This highlights the deep-rooted corruption in government offices that citizens face daily.
BENGALURU
A retired BPCL officer, K. Sivakumar, from Bengaluru, has stirred widespread outrage after narrating his harrowing experience of encountering corruption at every level following the death of his only daughter, Akshaya. In a now-deleted LinkedIn post, Sivakumar, a former Chief Financial Officer at BPCL, said his 34-year-old daughter, a Goldman Sachs employee and IIM Ahmedabad alumna, died of a brain hemorrhage on September 18, 2025.
Sivakumar recounted that he was forced to pay bribes to ambulance staff, police officials, crematorium workers, and BBMP personnel just to complete basic post-death formalities. “Recently my only child passed away at 34. The amount of open bribe being asked… ambulance, police for FIR and post-mortem, crematorium for receipts, BBMP for death certificate,” he wrote.
He alleged that the police demanded money for registering the FIR and providing the post-mortem report, showing no empathy toward his loss. “I had money, so I paid. What will the poor do?” he lamented.

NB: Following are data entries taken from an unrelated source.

lemma dyadic_common_denominator:
  assumes "r \<in> dyadic" "s \<in> dyadic"
  obtains p p' :: int and q :: nat where "r = of_int p / 2 ^ q" "s = of_int p' / 2 ^ q"
proof -
  obtain p q p' q' where r: "r = of_int p / 2 ^ q" and s: "s = of_int p' / 2 ^ q'"
    using assms by (auto simp: dyadic_def)
  have "r = of_int (p * 2 ^ q') / 2 ^ (q + q')" "s = of_int (p' * 2 ^ q) / 2 ^ (q + q')"
    by (simp_all add: r s power_add)
  then show ?thesis by (rule that)
qed

lemma dyadic_add: "r \<in> dyadic \<Longrightarrow> s \<in> dyadic \<Longrightarrow> r + s \<in> dyadic"
  by (erule dyadic_common_denominator, assumption)
    (auto simp: dyadic_def add_divide_distrib[symmetric] simp flip: of_int_add)

lemma dyadic_powi_mult: "s \<in> dyadic \<Longrightarrow> 2 powi n * s \<in> dyadic"
proof -
  assume "s \<in> dyadic"
  then obtain p :: int and q :: nat where s: "s = of_int p / 2 ^ q" by (auto simp: dyadic_def)
  show ?thesis
  proof (cases "0 \<le> n")
    case True
    then have "2 powi n * s = of_int (2 ^ nat n * p) / 2 ^ q"
      by (simp add: s power_int_def)
    then show ?thesis by (metis dyadicI)
  next
    case False
    then have "2 powi n * s = of_int p / 2 ^ (q + nat (- n))"
      by (simp add: s power_int_def power_add field_simps)
    then show ?thesis by (metis dyadicI)
  qed
qed

lemma dyadic_representation_invariant:
  fixes F :: "int \<Rightarrow> nat \<Rightarrow> 'a"
  assumes F: "\<And>p q d. F (p * 2 ^ d) (q + d) = F p q"
    and eq: "(of_int p :: real) / 2 ^ q = of_int p' / 2 ^ q'"
  shows "F p q = F p' q'"
proof -
  have *: "F p q = F p' q'" if "(of_int p :: real) / 2 ^ q = of_int p' / 2 ^ q'" "q \<le> q'"
    for p q p' q'
  proof -
    have "(2::real) ^ q' = 2 ^ q * 2 ^ (q' - q)"
      using \<open>q \<le> q'\<close> by (simp flip: power_add)
    then have "(of_int p' :: real) = of_int (p * 2 ^ (q' - q))"
      using that(1) by (simp add: field_simps)
    then have "p' = p * 2 ^ (q' - q)" by linarith
    then show ?thesis using F[of p "q' - q" q] \<open>q \<le> q'\<close> by simp
  qed
  show ?thesis using *[OF eq] *[OF eq[symmetric]] by (cases "q \<le> q'") auto
qed

section \<open>Increasing maps of the real line\<close>

lemma strict_mono_funpow:
  fixes g :: "'a::order \<Rightarrow> 'a"
  shows "strict_mono g \<Longrightarrow> strict_mono (g ^^ n)"
  by (induction n) (auto simp: strict_mono_def)

lemma strict_mono_inv:
  fixes F :: "'a::linorder \<Rightarrow> 'b::linorder"
  assumes "strict_mono F" "surj F"
  shows "strict_mono (inv F)"
  by (rule strict_monoI)
    (metis assms strict_mono_less surj_f_inv_f)

lemma strict_mono_surj_homeomorphism:
  fixes F :: "real \<Rightarrow> real"
  assumes "strict_mono F" "surj F"
  shows "homeomorphism UNIV UNIV F (inv F)"
proof -
  have cont: "continuous_on UNIV G" if "strict_mono G" "surj G" for G :: "real \<Rightarrow> real"
    by (rule continuous_onI_mono) (use that in \<open>auto simp: strict_mono_less_eq\<close>)
  have "bij F" using assms by (simp add: bij_def strict_mono_imp_inj_on)
  then show ?thesis
    using assms cont[of F] cont[of "inv F"] strict_mono_inv[OF assms]
    by (auto simp: homeomorphism_def bij_is_surj bij_imp_bij_inv bij_is_inj surj_f_inv_f)
qed

lemma filterlim_strict_mono_surj:
  fixes F :: "real \<Rightarrow> real"
  assumes "strict_mono F" "surj F"
  shows "filterlim F at_top at_top" "filterlim F at_bot at_bot"
proof -
  have "\<exists>z. F z = Z" for Z using assms(2) by (metis surjD)
  then show "filterlim F at_top at_top" "filterlim F at_bot at_bot"
    unfolding filterlim_at_top filterlim_at_bot
    by (metis (mono_tags) assms(1) eventually_ge_at_top eventually_mono strict_mono_less_eq,
        metis (mono_tags) assms(1) eventually_le_at_bot eventually_mono strict_mono_less_eq)
qed

lemma strict_mono_intI:
  fixes s :: "int \<Rightarrow> 'a::order"
  assumes "\<And>k. s k < s (k + 1)"
  shows "strict_mono s"
proof (rule strict_monoI)
  fix i j :: int
  assume "i < j"
  then show "s i < s j"
    by (induction j rule: int_gr_induct) (use assms less_trans in blast)+
qed

lemma strict_mono_int_bracket:
  fixes s :: "int \<Rightarrow> real"
  assumes "strict_mono s" "filterlim s at_top at_top" "filterlim s at_bot at_bot"
  obtains j where "s j \<le> z" "z < s (j + 1)"
proof -
  obtain n where n: "s n \<le> z"
    using assms(3) unfolding filterlim_at_bot eventually_at_bot_linorder by blast
  obtain m where m: "z < s m"
    using assms(2) unfolding filterlim_at_top_dense eventually_at_top_linorder by blast
  define P where "P i \<longleftrightarrow> z < s (n + int i)" for i
  have "n < m" using n m assms(1) by (meson le_less_trans not_less strict_mono_less)
  then have "P (nat (m - n))" using m by (simp add: P_def)
  define i where "i = (LEAST i. P i)"
  have Pi: "P i" unfolding i_def by (rule LeastI) fact
  have "i \<noteq> 0" using Pi n by (metis P_def add_0_right not_le of_nat_0)
  have "\<not> P (i - 1)"
    unfolding i_def by (rule not_less_Least) (use \<open>i \<noteq> 0\<close> i_def in simp)
  moreover have "int (i - 1) = int i - 1" using \<open>i \<noteq> 0\<close> by simp
  ultimately show ?thesis
    using Pi by (intro that[of "n + int i - 1"]) (simp_all add: P_def algebra_simps)
qed

locale piecewise_increasing =
  fixes X :: "int \<Rightarrow> real" and G :: "int \<Rightarrow> real \<Rightarrow> real" and F :: "real \<Rightarrow> real"
  assumes nodes: "strict_mono X" "filterlim X at_top at_top" "filterlim X at_bot at_bot"
    and pieces_mono: "\<And>k. strict_mono (G k)"
    and glue: "\<And>k. G k (X (k + 1)) = G (k + 1) (X (k + 1))"
    and on_piece: "\<And>k t. X k \<le> t \<Longrightarrow> t < X (k + 1) \<Longrightarrow> F t = G k t"
begin

lemma strict_mono_values_at_nodes: "strict_mono (\<lambda>k. G k (X k))"
proof (rule strict_mono_intI)
  fix k
  have "X k < X (k + 1)" using nodes(1) by (simp add: strict_mono_less)
  then have "G k (X k) < G k (X (k + 1))"
    using pieces_mono[of k] by (simp add: strict_mono_less)
  then show "G k (X k) < G (k + 1) (X (k + 1))" by (simp only: glue)
qed

lemma strict_mono: "strict_mono F"
proof (rule strict_monoI)
  fix t t' :: real
  assume "t < t'"
  obtain k where k: "X k \<le> t" "t < X (k + 1)" using strict_mono_int_bracket[OF nodes] .
  obtain k' where k': "X k' \<le> t'" "t' < X (k' + 1)" using strict_mono_int_bracket[OF nodes] .
  have "X k < X (k' + 1)" using k(1) k'(2) \<open>t < t'\<close> by linarith
  then have "k \<le> k'" using nodes(1) by (simp add: strict_mono_less)
  show "F t < F t'"
  proof (cases "k = k'")
    case True
    then show ?thesis
      using on_piece[OF k] on_piece[OF k'] \<open>t < t'\<close> pieces_mono by (simp add: strict_mono_less)
  next
    case False
    then have "k + 1 \<le> k'" using \<open>k \<le> k'\<close> by simp
    have "F t = G k t" using k by (rule on_piece)
    also have "\<dots> < G k (X (k + 1))" using k pieces_mono by (simp add: strict_mono_less)
    also have "\<dots> = G (k + 1) (X (k + 1))" by (rule glue)
    also have "\<dots> \<le> G k' (X k')"
      using strict_mono_less_eq[OF strict_mono_values_at_nodes, of "k + 1" k'] \<open>k + 1 \<le> k'\<close>
      by simp
    also have "\<dots> \<le> G k' t'" using k' pieces_mono by (simp add: strict_mono_less_eq)
    also have "\<dots> = F t'" using k' by (simp add: on_piece)
    finally show ?thesis .
  qed
qed

lemma homeomorphism:
  assumes "\<And>k. surj (G k)"
    and "filterlim (\<lambda>k. G k (X k)) at_top at_top" "filterlim (\<lambda>k. G k (X k)) at_bot at_bot"
  shows "homeomorphism UNIV UNIV F (inv F)"
proof (rule strict_mono_surj_homeomorphism[OF strict_mono])
  have "y \<in> range F" for y
  proof -
    obtain k where k: "G k (X k) \<le> y" "y < G (k + 1) (X (k + 1))"
      using strict_mono_int_bracket[OF strict_mono_values_at_nodes assms(2,3)] .
    obtain t where t: "G k t = y" using assms(1) by (metis surjD)
    have "G k (X k) \<le> G k t" "G k t < G k (X (k + 1))"
      using k t glue[of k] by simp_all
    then have "X k \<le> t" "t < X (k + 1)"
      using pieces_mono[of k] by (simp_all add: strict_mono_less strict_mono_less_eq)
    then show ?thesis using t on_piece by (metis rangeI)
  qed
  then show "surj F" by blast
qed

end

section \<open>Locally finite sets of reals\<close>

lemma finite_Int_atLeastAtMost_if_locally_finite:
  fixes B :: "real set"
  assumes "\<forall>y. \<exists>e>0. finite (B \<inter> ball y e)"
  shows "finite (B \<inter> {u..v})"
  using finite_not_islimpt_in_compact[of "{u..v}" B] assms
  by (auto simp: islimpt_eq_infinite_ball Int_commute)

lemma finite_Ints_Int_atLeastAtMost: "finite (\<int> \<inter> {u..v :: real})"
proof (rule finite_subset)
  show "\<int> \<inter> {u..v} \<subseteq> real_of_int ` {\<lfloor>u\<rfloor>..\<lceil>v\<rceil>}"
    by (auto elim!: Ints_cases simp: floor_le_iff le_ceiling_iff)
qed simp

lemma filterlim_strict_mono_in_locally_finite:
  fixes x :: "int \<Rightarrow> real"
  assumes x: "strict_mono x" "range x \<subseteq> S" and fin: "\<And>u v. finite (S \<inter> {u..v})"
  shows "filterlim x at_top at_top" "filterlim x at_bot at_bot"
proof -
  have inj: "inj_on x A" for A using x(1) by (rule strict_mono_imp_inj_on)
  have "\<exists>k. Z \<le> x k" for Z
  proof (rule ccontr)
    assume "\<nexists>k. Z \<le> x k"
    then have "x k \<le> Z" for k by (simp add: not_le less_imp_le)
    then have "x ` {0..} \<subseteq> S \<inter> {x 0..Z}" using x by (auto simp: strict_mono_less_eq)
    then have "finite (x ` {0..})" using fin by (rule finite_subset)
    then show False using finite_imageD[OF _ inj] infinite_Ici by blast
  qed
  then show "filterlim x at_top at_top"
    unfolding filterlim_at_top eventually_at_top_linorder
    by (meson x(1) order_trans strict_mono_less_eq)
  have "\<exists>k. x k \<le> Z" for Z
  proof (rule ccontr)
    assume "\<nexists>k. x k \<le> Z"
    then have "Z \<le> x k" for k by (simp add: not_le less_imp_le)
    then have "x ` {..0} \<subseteq> S \<inter> {Z..x 0}" using x by (auto simp: strict_mono_less_eq)
    then have "finite (x ` {..0})" using fin by (rule finite_subset)
    then show False using finite_imageD[OF _ inj] infinite_Iic by blast
  qed
  then show "filterlim x at_bot at_bot"
    unfolding filterlim_at_bot eventually_at_bot_linorder
    by (meson x(1) order_trans strict_mono_less_eq)
qed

The ambulance driver allegedly charged ₹3,000 to transport his daughter’s body, while BBMP officials delayed issuing the death certificate until an additional payment was made, citing a “caste survey.”
Expressing anguish over the moral decay in public services, Sivakumar appealed to industry stalwarts like Narayana Murthy, Azim Premji, and Kiran Mazumdar-Shaw to intervene and “save this city” from corruption.
Following public outrage, Bengaluru’s Whitefield Police suspended a PSI and a constable from Bellandur Police Station, stating that the department “will not tolerate such indecent or inappropriate behaviour.”
Sivakumar’s account has since become a rallying cry for citizens demanding transparency, accountability, and reform in civic and police departments.